Semiconductor corpora are acronym-dense and entity-heavy (register names, IP blocks, stepping labels, test modes). Pure vector retrieval can miss exact identifiers; pure lexical retrieval can miss semantic intent. A hybrid approach combines vector similarity with keyword/BM25 style retrieval, merges candidates, and applies reranking based on semantic relevance and metadata (doc type, authority, revision, and scope).

Figure 6. Hybrid retrieval: vector + lexical → merge/dedupe → rerank.

Glossary steering: making answers semiconductor-aware

The single biggest relevance lever is domain grounding. A curated glossary is used as an active component of the pipeline: it disambiguates overloaded terms (e.g., Vmin, corner, training), expands internal aliases and synonyms, and injects retrieval hints so the model sees the right context before generating an answer.

Recommended glossary entry fields

Term and definition (engineering-precise, not generic).
Aliases and internal synonyms (acronyms, code names, register nicknames).
Allowed/typical contexts (which IP blocks, which lifecycle stages, which teams).
Common confusions (what the term is not in your org).
Retrieval hints (preferred doc types, tags, sections, tables).

{
  "term": "Vmin",
  "definition": "Minimum supply voltage meeting functional + timing requirements under specified conditions.",
  "units": ["mV"],
  "contexts": ["DVFS", "AVFS", "SRAM margin", "IR drop"],
  "confusions": ["Not IO Vmin", "Not retention Vmin"],
  "aliases": ["SOC_VMIN_TARGET", "SV_VMIN"],
  "related": ["SS corner", "cold temp", "droop", "guardband"],
  "retrieval_hints": {
    "boost_doc_types": ["characterization", "silicon_validation"],
    "prefer_sections": ["limits", "conditions", "tables"],
    "boost_tags": ["stepping", "corner"]
  }
}

Testing and evaluation

ZettaLens includes an API-based auto-accuracy checking script to enable end-to-end testing of retrieval accuracy, metadata handling, and performance. The evaluation harness also supports benchmarking across different LLMs and embedding models.

In practice, this allows teams to track: (a) response latency, (b) semantic similarity between expected and generated answers, (c) retrieval hit-rate for authoritative documents, and (d) regression detection after pipeline changes.

What to instrument

P50/P95 latency per stage: rewrite, retrieve, rerank, generate
Recall@K / nDCG@K on a curated "golden" evaluation set
Groundedness checks: does every key claim have a citation?
Freshness distribution: time since last indexed revision

Model stack selection

Based on testing on the provided documents, the following configuration offered the best tradeoff between resource use and answer quality:

LLM: Llama 3.1 8B Instruct (local)
Embedder: sentence-transformers/all-MiniLM-L12-v2
Reranker: cross-encoder/ms-marco-MiniLM-L-6-v2

Deployment on local servers

To support multiple engineers concurrently, the recommended deployment pattern runs multiple instances of the LLM, reranker, and embedder, fronted by NGINX for load balancing. This isolates heavy inference workloads, improves tail latency, and enables incremental horizontal scaling.
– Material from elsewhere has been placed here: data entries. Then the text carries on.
(* Suppose $\mathfrak g(A)$ is integrable, and $A$ is elemental and indecomposable with $n\ge2$. Then, after multiplying rows of $A$ by suitable nonzero scalars, $A$ satisfies: (C1) $a_{ii}\in\{0,2\}$ for all $i\in I$; (C2) if $a_{ii}=0$ then $p(i)=1$; (C3) if $a_{ii}=2$ then $a_{ij}\in 2^{p(i)}\mathbb Z_{\le0}$ for all $j\neq i$; (C4) if $a_{ij}=0$ and $a_{ji}\ne0$ then $a_{ii}=0$.
   Context: Let $I=\{1,\dots,n\}$, let $A=(a_{ij})_{i,j\in I}$ be a complex $n\times n$ matrix and $p:I\to\mathbb Z_2$ a parity function. Fix a complex vector space $\mathfrak h$ of dimension $n+\operatorname{corank}(A)$, linearly independent $\alpha_1,\dots,\alpha_n\in\mathfrak h^*$ and $h_1,\dots,h_n\in\mathfrak h$ with $\alpha_j(h_i)=a_{ij}$. Let $\bar{\mathfrak g}(A)$ be the Lie superalgebra generated by $\mathfrak h$ (even, abelian) and elements $X_i,Y_i$ ($i\in I$) of parity $p(i)$ subject to $[h,X_i]=\alpha_i(h)X_i$, $[h,Y_i]=-\alpha_i(h)Y_i$, $[X_i,Y_j]=\delta_{ij}h_i$. The contragredient Lie superalgebra $\mathfrak g(A)$ is the quotient of $\bar{\mathfrak g}(A)$ by the unique maximal ideal meeting $\mathfrak h$ trivially; we keep writing $X_i,Y_i,h_i$ for the images. Multiplying rows of $A$ by nonzero scalars does not change $\mathfrak g(A)$ up to isomorphism. $\mathfrak g(A)$ is integrable if $\operatorname{ad}X_i$ is locally nilpotent on $\mathfrak g(A)$ for every $i\in I$. $A$ is elemental if it has no zero row; indecomposable if $I$ is not a disjoint union of nonempty $J,K$ with $a_{jk}=a_{kj}=0$ for $j\in J,k\in K$. *)

theory Defs
  imports "HOL-Analysis.Analysis"
begin

text \<open>Z2-grading: parity is encoded as bool (True = odd). grade L0 L1 b is the homogeneous
  component of parity b.\<close>

definition grade :: "'v set \<Rightarrow> 'v set \<Rightarrow> bool \<Rightarrow> 'v set" where
  "grade L0 L1 b = (if b then L1 else L0)"

definition ssign :: "bool \<Rightarrow> bool \<Rightarrow> complex" where
  "ssign a b = (if a \<and> b then -1 else 1)"

text \<open>A complex Lie superalgebra whose underlying space is the whole type 'v, with
  scalar multiplication sc, bracket br and even/odd parts L0, L1.\<close>

definition lie_superalgebra ::
  "(complex \<Rightarrow> 'v::ab_group_add \<Rightarrow> 'v) \<Rightarrow> ('v \<Rightarrow> 'v \<Rightarrow> 'v) \<Rightarrow> 'v set \<Rightarrow> 'v set \<Rightarrow> bool" where
  "lie_superalgebra sc br L0 L1 \<longleftrightarrow>
     vector_space sc \<and> module.subspace sc L0 \<and> module.subspace sc L1 \<and>
     (\<forall>v. \<exists>!ab. fst ab \<in> L0 \<and> snd ab \<in> L1 \<and> v = fst ab + snd ab) \<and>
     (\<forall>x y z. br (x + y) z = br x z + br y z) \<and>
     (\<forall>x y z. br x (y + z) = br x y + br x z) \<and>
     (\<forall>c x y. br (sc c x) y = sc c (br x y)) \<and>
     (\<forall>c x y. br x (sc c y) = sc c (br x y)) \<and>
     (\<forall>a b x y. x \<in> grade L0 L1 a \<longrightarrow> y \<in> grade L0 L1 b \<longrightarrow>
        br x y \<in> grade L0 L1 (a \<noteq> b)) \<and>
     (\<forall>a b x y. x \<in> grade L0 L1 a \<longrightarrow> y \<in> grade L0 L1 b \<longrightarrow>
        br x y = - sc (ssign a b) (br y x)) \<and>
     (\<forall>a b x y z. x \<in> grade L0 L1 a \<longrightarrow> y \<in> grade L0 L1 b \<longrightarrow>
        br x (br y z) = br (br x y) z + sc (ssign a b) (br y (br x z)))"

definition corank :: "complex^'n^'n \<Rightarrow> nat" where
  "corank A = CARD('n) - rank A"

text \<open>The data (sc, br, L0, L1, H, \<alpha>, hh, X, Y) realise the contragredient Lie superalgebra
  g(A) for the matrix A (indexed by the finite type 'n) and parity p:
  H is the (embedded) Cartan subalgebra h, \<alpha> j are the simple roots (linear on H),
  hh i are the coroots h_i, X i, Y i the generators.  The algebra is generated by
  H and the X i, Y i subject to the defining relations (so it is a quotient of
  the free algebra bar g(A) in which h embeds), and it has no nonzero ideal meeting
  H trivially (so the kernel is the maximal ideal meeting h trivially).\<close>

definition contragredient ::
  "complex^'n^'n \<Rightarrow> ('n \<Rightarrow> bool) \<Rightarrow> (complex \<Rightarrow> 'v::ab_group_add \<Rightarrow> 'v) \<Rightarrow> ('v \<Rightarrow> 'v \<Rightarrow> 'v)
   \<Rightarrow> 'v set \<Rightarrow> 'v set \<Rightarrow> 'v set \<Rightarrow> ('n \<Rightarrow> 'v \<Rightarrow> complex)
   \<Rightarrow> ('n \<Rightarrow> 'v) \<Rightarrow> ('n \<Rightarrow> 'v) \<Rightarrow> ('n \<Rightarrow> 'v) \<Rightarrow> bool" where
  "contragredient A p sc br L0 L1 H \<alpha> hh X Y \<longleftrightarrow>
     lie_superalgebra sc br L0 L1 \<and>
     module.subspace sc H \<and> H \<subseteq> L0 \<and>
     vector_space.dim sc H = CARD('n) + corank A \<and>
     (\<forall>h\<in>H. \<forall>h'\<in>H. br h h' = 0) \<and>
     (\<forall>j. \<forall>h\<in>H. \<forall>h'\<in>H. \<alpha> j (h + h') = \<alpha> j h + \<alpha> j h') \<and>
     (\<forall>j c. \<forall>h\<in>H. \<alpha> j (sc c h) = c * \<alpha> j h) \<and>
     (\<forall>c :: 'n \<Rightarrow> complex. (\<forall>h\<in>H. (\<Sum>j\<in>UNIV. c j * \<alpha> j h) = 0) \<longrightarrow> (\<forall>j. c j = 0)) \<and>
     (\<forall>i. hh i \<in> H) \<and>
     (\<forall>i j. \<alpha> j (hh i) = A $ i $ j) \<and>
     (\<forall>i. X i \<in> grade L0 L1 (p i) \<and> Y i \<in> grade L0 L1 (p i)) \<and>
     (\<forall>i. \<forall>h\<in>H. br h (X i) = sc (\<alpha> i h) (X i)) \<and>
     (\<forall>i. \<forall>h\<in>H. br h (Y i) = sc (- \<alpha> i h) (Y i)) \<and>
     (\<forall>i j. br (X i) (Y j) = (if i = j then hh i else 0)) \<and>
     (\<forall>S. module.subspace sc S \<and> (\<forall>x\<in>S. \<forall>y\<in>S. br x y \<in> S) \<and> H \<subseteq> S \<and>
          range X \<subseteq> S \<and> range Y \<subseteq> S \<longrightarrow> S = UNIV) \<and>
     (\<forall>J. module.subspace sc J \<and> (\<forall>x. \<forall>y\<in>J. br x y \<in> J \<and> br y x \<in> J) \<and>
          J \<inter> H = {0} \<longrightarrow> J = {0})"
In the local deployment, the LLM service was hosted using vLLM. A single shared NVIDIA A100 GPU supported 10 concurrent users under interactive workloads.

Figure 7. Deployment pattern: multiple inference services behind NGINX load balancing.

Deployment recommendations

Separate services: run LLM inference, embedding, and reranking as independent processes; containers scale independently.
Use NGINX: a simple, auditable load balancer for multi-instance routing and health checks.
Prioritize NVMe: for vector index storage and parsing scratch space; avoid networked filesystems for hot indexes when possible.
Instrument P50/P95: across stages (rewrite, retrieve, rerank, generate) and alert on regressions.
Version everything: model builds, prompts, and glossary releases so answer behavior is reproducible.

What's next

Once a private RAG system is working, the next frontier is reliability at scale: better evaluation sets, stronger permission-aware ranking, and more helpful workflows (tickets, summaries, "show me the table", etc.).

Figure 8. Roadmap sketch: scaling, user management, agentic retrieval, and full RAG evaluation.